What does Israel’s new “Basic Law”
mean for Israeli democracy?

A new bill approved by the Israeli Knesset could severely compromise the rights of Palestinians living in Israel. Many feel that it could also threaten the viability of a future Palestinian state, and could do irreparable harm to Israeli democracy.

The first version of the Israeli constitutional bill was submitted in 2011 by Avi Dichter of Israel’s Kadima party. Since that time, Prime Minister Benjamin Netanyahu has become a fierce proponent of making it law.

Dubbed “Israel as a Nation-State of the Jewish People,” this so-called “Basic Law” purports to “defend the character of Israel as the nation-state of the Jewish people.” On the surface, that would appear reasonable and even self-evident. However, many see severe conflicts between Jewish rights as laid out in the bill, and Israel as a fully functional democracy. Those conflicts may even be irreconcilable.

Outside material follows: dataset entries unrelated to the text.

lemma pinv_eq_transpose_mult_gram_inverse:
  assumes F: "F \<in> carrier_mat k d" and B: "B \<in> carrier_mat k k"
    and BG: "B * (F * transpose_mat F) = 1\<^sub>m k" and GB: "(F * transpose_mat F) * B = 1\<^sub>m k"
  shows "pinv F = transpose_mat F * B"
proof -
  define G where "G = F * transpose_mat F"
  define X where "X = transpose_mat F * B"
  have Ft: "transpose_mat F \<in> carrier_mat d k" and Gc: "G \<in> carrier_mat k k"
    and Xc: "X \<in> carrier_mat d k" using F B unfolding G_def X_def by auto
  have "transpose_mat G = G" unfolding G_def using F by (subst transpose_mult[of _ k d]) auto
  then have "G * transpose_mat B = 1\<^sub>m k"
    using arg_cong[OF BG, of transpose_mat] B Gc unfolding G_def[symmetric]
    by (subst (asm) transpose_mult[of _ k k]) auto
  then have Bt: "transpose_mat B = B"
    using assoc_mult_mat[OF B Gc, of "transpose_mat B" k] BG B unfolding G_def[symmetric] by simp
  have FX: "F * X = 1\<^sub>m k" unfolding X_def using assoc_mult_mat[OF F Ft B] GB by simp
  have pX: "is_pinv F X"
    unfolding is_pinv_def
  proof (intro conjI)
    show "X \<in> carrier_mat (dim_col F) (dim_row F)" using Xc F by auto
    show "F * X * F = F" using FX F by simp
    show "X * F * X = X" using FX F Xc by (subst assoc_mult_mat[of _ d k]) auto
    show "transpose_mat (F * X) = F * X" using FX by simp
    have "transpose_mat (X * F) = transpose_mat F * transpose_mat X" using Xc F by (rule transpose_mult)
    also have "transpose_mat X = transpose_mat B * F"
      unfolding X_def using F B by (subst transpose_mult[of _ d k]) auto
    finally show "transpose_mat (X * F) = X * F" unfolding Bt X_def using assoc_mult_mat[OF Ft B F] by simp
  qed
  \<comment> \<open>any generalised inverse \<open>Y\<close> is a right inverse, so \<open>Y = F\<^sup>T (Y\<^sup>T Y)\<close> with \<open>Y\<^sup>T Y = G\<inverse>\<close>\<close>
  have "Y = X" if "is_pinv F Y" for Y
  proof -
    have Yc: "Y \<in> carrier_mat d k" and FYF: "F * Y * F = F" and YFY: "Y * F * Y = Y"
      and YF: "transpose_mat (Y * F) = Y * F" using that F unfolding is_pinv_def by auto
    have Ytc: "transpose_mat Y * Y \<in> carrier_mat k k" using Yc by auto
    have "F * Y = F * Y * (F * X)" using FX F Yc by simp
    also have "\<dots> = F * Y * F * X" by (rule assoc_mult_mat[OF mult_carrier_mat[OF F Yc] F Xc, symmetric])
    finally have FY: "F * Y = 1\<^sub>m k" using FYF FX by simp
    have "Y = transpose_mat (Y * F) * Y" using YFY YF by simp
    also have "\<dots> = transpose_mat F * (transpose_mat Y * Y)"
      using transpose_mult[OF Yc F] assoc_mult_mat[OF Ft _ Yc, of "transpose_mat Y"] Yc by simp
    finally have Y: "Y = transpose_mat F * (transpose_mat Y * Y)" .
    have "transpose_mat Y * Y = B * G * (transpose_mat Y * Y)"
      using BG left_mult_one_mat[OF Ytc] unfolding G_def by simp
    also have "\<dots> = B * (F * Y)"
      using Y assoc_mult_mat[OF B Gc Ytc] assoc_mult_mat[OF F Ft Ytc] unfolding G_def by simp
    finally show "Y = X" using Y FY B unfolding X_def by simp
  qed
  then show ?thesis unfolding pinv_def X_def[symmetric] using pX by (intro the_equality)
qed

lemma pinv_right_inverse_of_full_row_rank:
  assumes F: "F \<in> carrier_mat k d" and rk: "vec_space.rank k F = k"
  shows "pinv F \<in> carrier_mat d k" "F * pinv F = 1\<^sub>m k"
proof -
  obtain B where B: "B \<in> carrier_mat k k" "B * (F * transpose_mat F) = 1\<^sub>m k"
    "(F * transpose_mat F) * B = 1\<^sub>m k"
    using gram_mat_invertible_of_surj[OF F mult_mat_vec_surj_of_full_row_rank[OF F rk]] by blast
  have "pinv F = transpose_mat F * B" by (rule pinv_eq_transpose_mult_gram_inverse[OF F B])
  then show "pinv F \<in> carrier_mat d k" "F * pinv F = 1\<^sub>m k"
    using assoc_mult_mat[OF F _ B(1), of "transpose_mat F"] B F by auto
qed

section \<open>Rectangular diagonal matrices and powers of the SVD\<close>

lemma rect_diag_carrier [simp]: "rect_diag a b f \<in> carrier_mat a b"
  unfolding rect_diag_def by auto

lemma rect_diag_dims [simp]: "dim_row (rect_diag a b f) = a" "dim_col (rect_diag a b f) = b"
  unfolding rect_diag_def by auto

lemma rect_diag_index [simp]:
  "i < a \<Longrightarrow> j < b \<Longrightarrow> rect_diag a b f $$ (i, j) = (if i = j then f i else 0)"
  unfolding rect_diag_def by auto

lemma rect_diag_mult:
  "rect_diag a b f * rect_diag b c g = rect_diag a c (\<lambda>j. if j < b then f j * g j else 0)"
proof (rule eq_matI)
  fix i j assume "i < dim_row (rect_diag a c (\<lambda>j. if j < b then f j * g j else 0))"
    and "j < dim_col (rect_diag a c (\<lambda>j. if j < b then f j * g j else 0))"
  then have ij: "i < a" "j < c" by auto
  have "(rect_diag a b f * rect_diag b c g) $$ (i, j)
      = (\<Sum>l\<in>{0..<b}. rect_diag a b f $$ (i, l) * rect_diag b c g $$ (l, j))"
    using ij by (simp add: scalar_prod_def)
  also have "\<dots> = (\<Sum>l\<in>{0..<b}. if l = i then (if i = j then f i * g i else 0) else 0)"
    using ij by (intro sum.cong) auto
  finally show "(rect_diag a b f * rect_diag b c g) $$ (i, j)
      = rect_diag a c (\<lambda>j. if j < b then f j * g j else 0) $$ (i, j)"
    using ij by (simp add: sum.delta')
qed auto

lemma rect_diag_transpose: "transpose_mat (rect_diag a b f) = rect_diag b a f"
  by (rule eq_matI) auto

lemma rect_diag_cong:
  "(\<And>j. j < a \<Longrightarrow> j < b \<Longrightarrow> f j = g j) \<Longrightarrow> rect_diag a b f = rect_diag a b g"
  by (rule eq_matI) auto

At the root of concerns many have with the law are the following provisions:

  • The law specifies that only Jewish citizens in Israel are entitled to the right to self-determination.
  • Hebrew is the official language of the country, promoted over Arabic. It has already been reported that some signs in Israel that had previously been in both Hebrew and Arabic have now been changed to just Hebrew. Similarly, all state symbols are Jewish ones, and the Hebrew calendar is the official state calendar.
  • Jerusalem is the capital of the state of Israel.
  • Perhaps most importantly, Jewish civil law is given precedence over the power of the judiciary to rule on any abuse of civil rights.

There appear to be good reasons for concerns. Here are a few:

  • In his speech on November 26, 2014, Netanyahu declared Israel to be “The nation-state of the Jewish people and the Jewish people alone.” When challenged by other members of the Knesset, Netanyahu agreed that there would be respect for equal rights for non-Jews. That acknowledgement, however, was not part of his version of the bill.
  • Netanyahu has also been widely criticized for his 2015 promise that he would never allow the establishment of a Palestinian state.
  • Over the last several years, Israel has been taking steps to revoke the citizenship of thousands of Palestinian residents of Jerusalem.
  • The new Basic Law declares all of Jerusalem as the capital of Israel, with only the Jewish people having the right to self-determination. And last December, U.S. President Donald Trump attempted to preempt a negotiated final status of Jerusalem by declaring Jerusalem the capital of Israel, which heightened international attention and outrage over the issue.  
  • Netanyahu has required that Mahmoud Abbas recognize Israel as a Jewish state before resumption of any negotiations. By eliminating the “democratic” part of the Israeli equation, Netanyahu creates an untenable position for the Palestinian president.

A “Basic Law” in Israel is constitutional, and becomes just as difficult to repeal as is an amendment in the U.S. Constitution.  Palestinians and human rights advocates are worried that if this bill becomes law, it would be difficult to reverse policies that could well harm Palestinian citizens.

The bill’s language, though not overtly anti-Palestinian, emphasizes rights based on a Jewish heritage. Perhaps more importantly, the vague language allows the bill to be enforced based on interpretation of that language, and it eviscerates the power of the courts to act as a check on abuse against civil rights. This is creating fears about the damage it will do to Israeli democracy. It is also causing much discomfort for those who  believe that it could harm the rights of the 20% of Israeli citizens who are also Palestinians.

For decades, Palestinians and Israelis have argued over the official borders of both Israel and of a future Palestinian state. By allowing the regular construction of Israeli settlements in the West Bank and East Jerusalem, Israeli has gradually been encroaching on  land that Palestinians claim for their state. The UN has asked Israel to stop expanding its settlements until negotiations are completed and formal borders have been drawn, but construction has not stopped.

The new bill states that “the right to exercise national self-determination in the State of Israel is unique to the Jewish people.” This could create an opportunity for legal expansion of Jewish settlements, despite international criticism.

The Ministerial Committee of Knesset, many of whom share Netanyahu’s ambitions, approved the bill earlier this week. This is causing deep concern for many Palestinians and human rights advocates, who wonder what kind of future this Basic Law might create for Israel.

Many people are saying that it is impossible for Israel to remain a democratic nation if it adopts and executes the policies in this bill. In fact, some already see Israel as an “ethnocracy,” though with some democratic features.

No matter what you call it, Israel is not currently functioning as a full democracy. Although Israel still elects its leaders through vote by the people, as democracy dictates, it does not recognize the equal rights of all citizens.

This has consequences for democracy. Israel is now considered a “flawed democracy,” having fallen to #30 on the Economist’s Democracy Index, behind Cabo Verde and Botswana principally because of Israel’s issues with civil liberties. The country’s newest Basic Law threatens a further drop.